----- SUPPLIED DATA -----

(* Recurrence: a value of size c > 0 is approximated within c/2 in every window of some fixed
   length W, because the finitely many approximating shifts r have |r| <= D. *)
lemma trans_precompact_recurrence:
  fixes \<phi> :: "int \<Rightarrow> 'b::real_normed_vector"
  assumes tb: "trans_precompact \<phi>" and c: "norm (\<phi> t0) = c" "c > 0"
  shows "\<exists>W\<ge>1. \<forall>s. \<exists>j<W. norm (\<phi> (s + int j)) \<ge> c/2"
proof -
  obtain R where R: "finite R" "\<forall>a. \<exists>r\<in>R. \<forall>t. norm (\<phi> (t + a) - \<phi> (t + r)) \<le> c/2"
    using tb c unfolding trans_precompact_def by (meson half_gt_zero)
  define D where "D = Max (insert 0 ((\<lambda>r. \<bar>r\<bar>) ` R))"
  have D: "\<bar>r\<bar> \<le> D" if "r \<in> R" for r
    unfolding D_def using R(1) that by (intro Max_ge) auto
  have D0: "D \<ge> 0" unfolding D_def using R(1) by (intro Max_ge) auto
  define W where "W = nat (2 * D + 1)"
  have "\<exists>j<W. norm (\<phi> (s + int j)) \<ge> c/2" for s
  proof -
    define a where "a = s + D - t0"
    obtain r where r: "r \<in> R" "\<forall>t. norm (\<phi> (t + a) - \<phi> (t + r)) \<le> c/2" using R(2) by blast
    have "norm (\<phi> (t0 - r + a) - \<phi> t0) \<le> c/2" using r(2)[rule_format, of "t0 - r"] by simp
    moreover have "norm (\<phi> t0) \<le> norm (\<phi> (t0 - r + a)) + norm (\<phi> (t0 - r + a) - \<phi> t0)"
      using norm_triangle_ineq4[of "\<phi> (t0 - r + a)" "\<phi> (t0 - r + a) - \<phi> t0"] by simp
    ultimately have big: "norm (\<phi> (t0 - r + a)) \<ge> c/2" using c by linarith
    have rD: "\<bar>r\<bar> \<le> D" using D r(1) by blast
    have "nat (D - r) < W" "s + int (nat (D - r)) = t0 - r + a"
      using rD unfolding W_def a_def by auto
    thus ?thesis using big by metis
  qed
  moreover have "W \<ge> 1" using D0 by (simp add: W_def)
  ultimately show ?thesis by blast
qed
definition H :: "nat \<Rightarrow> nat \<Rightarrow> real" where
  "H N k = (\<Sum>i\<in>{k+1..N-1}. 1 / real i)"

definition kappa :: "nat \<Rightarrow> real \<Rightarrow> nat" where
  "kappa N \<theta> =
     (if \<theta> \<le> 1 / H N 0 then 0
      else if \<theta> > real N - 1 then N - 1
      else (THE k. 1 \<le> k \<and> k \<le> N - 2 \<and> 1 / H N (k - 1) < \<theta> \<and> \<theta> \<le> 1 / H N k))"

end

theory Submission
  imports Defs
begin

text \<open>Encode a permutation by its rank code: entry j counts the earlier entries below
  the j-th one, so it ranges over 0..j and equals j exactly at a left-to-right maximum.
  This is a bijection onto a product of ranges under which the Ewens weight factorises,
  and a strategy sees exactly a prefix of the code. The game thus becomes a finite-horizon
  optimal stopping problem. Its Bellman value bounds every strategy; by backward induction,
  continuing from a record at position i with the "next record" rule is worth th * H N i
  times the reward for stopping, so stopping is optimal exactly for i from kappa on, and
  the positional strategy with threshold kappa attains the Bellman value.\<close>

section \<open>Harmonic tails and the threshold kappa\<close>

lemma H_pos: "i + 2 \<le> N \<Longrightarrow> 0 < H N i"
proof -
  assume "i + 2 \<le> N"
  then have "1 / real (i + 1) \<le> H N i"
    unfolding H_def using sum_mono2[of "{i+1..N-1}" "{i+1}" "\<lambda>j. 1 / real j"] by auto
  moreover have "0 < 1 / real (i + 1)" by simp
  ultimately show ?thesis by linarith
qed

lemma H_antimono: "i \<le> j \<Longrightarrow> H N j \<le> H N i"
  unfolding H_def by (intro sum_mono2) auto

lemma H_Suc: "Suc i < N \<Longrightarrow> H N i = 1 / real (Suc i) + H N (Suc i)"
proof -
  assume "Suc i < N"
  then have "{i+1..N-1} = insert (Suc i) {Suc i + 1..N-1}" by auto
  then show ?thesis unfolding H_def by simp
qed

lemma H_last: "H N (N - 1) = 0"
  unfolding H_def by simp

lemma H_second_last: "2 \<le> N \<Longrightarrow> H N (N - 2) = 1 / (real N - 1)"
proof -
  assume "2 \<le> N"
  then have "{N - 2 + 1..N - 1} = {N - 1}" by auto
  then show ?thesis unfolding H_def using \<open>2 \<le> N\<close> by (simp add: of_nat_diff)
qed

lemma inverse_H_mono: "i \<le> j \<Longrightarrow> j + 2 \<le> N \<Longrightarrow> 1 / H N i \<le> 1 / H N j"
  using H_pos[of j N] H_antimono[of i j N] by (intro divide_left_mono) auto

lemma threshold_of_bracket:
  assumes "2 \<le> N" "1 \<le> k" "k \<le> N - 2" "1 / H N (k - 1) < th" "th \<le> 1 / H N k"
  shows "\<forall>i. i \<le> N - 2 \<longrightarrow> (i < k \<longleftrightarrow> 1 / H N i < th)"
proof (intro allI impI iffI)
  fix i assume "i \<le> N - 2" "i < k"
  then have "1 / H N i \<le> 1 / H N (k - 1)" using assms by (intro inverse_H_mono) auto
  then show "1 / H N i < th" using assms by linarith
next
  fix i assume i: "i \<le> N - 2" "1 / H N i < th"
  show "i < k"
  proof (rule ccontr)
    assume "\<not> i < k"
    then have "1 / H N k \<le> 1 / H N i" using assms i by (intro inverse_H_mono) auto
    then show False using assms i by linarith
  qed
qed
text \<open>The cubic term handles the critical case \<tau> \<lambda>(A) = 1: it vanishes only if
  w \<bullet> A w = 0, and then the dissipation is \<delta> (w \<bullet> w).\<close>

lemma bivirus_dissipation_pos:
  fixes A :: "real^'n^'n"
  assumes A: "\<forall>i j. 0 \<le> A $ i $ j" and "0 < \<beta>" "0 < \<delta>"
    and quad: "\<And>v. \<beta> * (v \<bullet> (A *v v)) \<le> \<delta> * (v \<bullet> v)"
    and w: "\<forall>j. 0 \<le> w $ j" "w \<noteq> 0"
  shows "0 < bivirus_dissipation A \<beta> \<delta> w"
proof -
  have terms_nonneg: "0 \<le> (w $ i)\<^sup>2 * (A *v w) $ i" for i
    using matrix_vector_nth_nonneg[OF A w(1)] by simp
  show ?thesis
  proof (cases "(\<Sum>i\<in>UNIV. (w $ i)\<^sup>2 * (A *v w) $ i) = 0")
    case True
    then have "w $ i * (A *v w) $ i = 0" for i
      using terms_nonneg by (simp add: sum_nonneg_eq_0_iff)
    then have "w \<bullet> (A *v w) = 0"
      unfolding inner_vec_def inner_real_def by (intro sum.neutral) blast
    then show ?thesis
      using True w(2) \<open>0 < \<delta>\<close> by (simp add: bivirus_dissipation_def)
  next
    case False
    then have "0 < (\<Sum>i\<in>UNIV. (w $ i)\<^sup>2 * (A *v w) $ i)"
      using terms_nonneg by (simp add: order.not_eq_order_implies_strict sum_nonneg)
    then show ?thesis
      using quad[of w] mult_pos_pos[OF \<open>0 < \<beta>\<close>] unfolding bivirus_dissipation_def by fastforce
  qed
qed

-----
----- SUPPLIED DATA -----

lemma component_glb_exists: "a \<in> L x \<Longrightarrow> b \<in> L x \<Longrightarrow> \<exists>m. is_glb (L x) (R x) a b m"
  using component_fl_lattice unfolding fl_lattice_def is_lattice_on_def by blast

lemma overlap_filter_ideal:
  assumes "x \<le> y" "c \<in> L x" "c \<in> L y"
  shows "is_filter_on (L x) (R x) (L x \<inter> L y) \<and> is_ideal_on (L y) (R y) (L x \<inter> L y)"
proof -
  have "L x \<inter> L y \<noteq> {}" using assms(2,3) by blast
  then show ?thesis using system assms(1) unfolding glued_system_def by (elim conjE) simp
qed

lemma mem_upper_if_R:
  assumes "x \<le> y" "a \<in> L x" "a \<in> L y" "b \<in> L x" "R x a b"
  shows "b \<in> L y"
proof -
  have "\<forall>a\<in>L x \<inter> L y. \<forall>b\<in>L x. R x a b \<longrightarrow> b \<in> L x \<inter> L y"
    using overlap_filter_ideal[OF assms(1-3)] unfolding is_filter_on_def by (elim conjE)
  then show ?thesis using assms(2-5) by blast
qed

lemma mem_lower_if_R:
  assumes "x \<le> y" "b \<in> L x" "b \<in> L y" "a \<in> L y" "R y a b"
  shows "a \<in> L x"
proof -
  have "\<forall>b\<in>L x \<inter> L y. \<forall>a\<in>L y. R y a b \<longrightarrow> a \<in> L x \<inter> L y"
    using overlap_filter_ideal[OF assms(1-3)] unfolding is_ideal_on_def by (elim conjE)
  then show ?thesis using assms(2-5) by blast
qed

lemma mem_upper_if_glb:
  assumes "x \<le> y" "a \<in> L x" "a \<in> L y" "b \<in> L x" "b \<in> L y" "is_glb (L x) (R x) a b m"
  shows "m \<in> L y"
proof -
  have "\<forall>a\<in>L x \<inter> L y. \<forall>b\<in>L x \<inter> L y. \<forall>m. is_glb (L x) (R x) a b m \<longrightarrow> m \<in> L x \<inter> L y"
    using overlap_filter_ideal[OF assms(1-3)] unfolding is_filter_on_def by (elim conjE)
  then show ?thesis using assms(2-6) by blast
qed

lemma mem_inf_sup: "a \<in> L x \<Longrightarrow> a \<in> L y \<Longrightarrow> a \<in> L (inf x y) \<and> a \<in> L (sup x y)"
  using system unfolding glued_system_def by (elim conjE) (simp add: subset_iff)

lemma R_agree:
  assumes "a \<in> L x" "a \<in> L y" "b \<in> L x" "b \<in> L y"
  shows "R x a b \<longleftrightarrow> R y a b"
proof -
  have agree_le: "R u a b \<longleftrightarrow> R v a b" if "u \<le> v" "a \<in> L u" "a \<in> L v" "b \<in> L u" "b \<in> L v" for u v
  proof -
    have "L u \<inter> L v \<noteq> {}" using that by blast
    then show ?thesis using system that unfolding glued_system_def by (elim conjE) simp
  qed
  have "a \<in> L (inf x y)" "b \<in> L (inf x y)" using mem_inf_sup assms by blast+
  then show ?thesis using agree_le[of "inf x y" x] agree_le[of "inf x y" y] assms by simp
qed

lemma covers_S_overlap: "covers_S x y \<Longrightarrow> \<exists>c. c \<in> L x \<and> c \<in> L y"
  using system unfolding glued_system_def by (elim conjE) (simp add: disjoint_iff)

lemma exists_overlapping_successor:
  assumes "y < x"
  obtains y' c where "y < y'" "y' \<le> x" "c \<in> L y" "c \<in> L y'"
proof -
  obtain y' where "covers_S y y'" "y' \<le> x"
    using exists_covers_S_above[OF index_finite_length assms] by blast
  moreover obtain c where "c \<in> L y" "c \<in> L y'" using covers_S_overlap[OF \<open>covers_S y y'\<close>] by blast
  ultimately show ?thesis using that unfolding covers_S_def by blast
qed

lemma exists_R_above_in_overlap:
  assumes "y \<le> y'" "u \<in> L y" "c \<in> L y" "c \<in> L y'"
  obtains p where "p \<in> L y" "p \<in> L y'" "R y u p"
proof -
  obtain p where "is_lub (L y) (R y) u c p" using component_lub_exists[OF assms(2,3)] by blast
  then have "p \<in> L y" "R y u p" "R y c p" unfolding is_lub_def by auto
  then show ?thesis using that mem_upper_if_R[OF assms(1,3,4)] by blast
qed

-----

| TASK OBJECTIVE |
The reply should hold only the lines of the listing above starting at the line containing "the j-th one, so" and ending at the line containing "1) \<le> H N", exactly as written.

| SOLUTION TO THIS TASK |
  the j-th one, so it ranges over 0..j and equals j exactly at a left-to-right maximum.
  This is a bijection onto a product of ranges under which the Ewens weight factorises,
  and a strategy sees exactly a prefix of the code. The game thus becomes a finite-horizon
  optimal stopping problem. Its Bellman value bounds every strategy; by backward induction,
  continuing from a record at position i with the "next record" rule is worth th * H N i
  times the reward for stopping, so stopping is optimal exactly for i from kappa on, and
  the positional strategy with threshold kappa attains the Bellman value.\<close>

section \<open>Harmonic tails and the threshold kappa\<close>

lemma H_pos: "i + 2 \<le> N \<Longrightarrow> 0 < H N i"
proof -
  assume "i + 2 \<le> N"
  then have "1 / real (i + 1) \<le> H N i"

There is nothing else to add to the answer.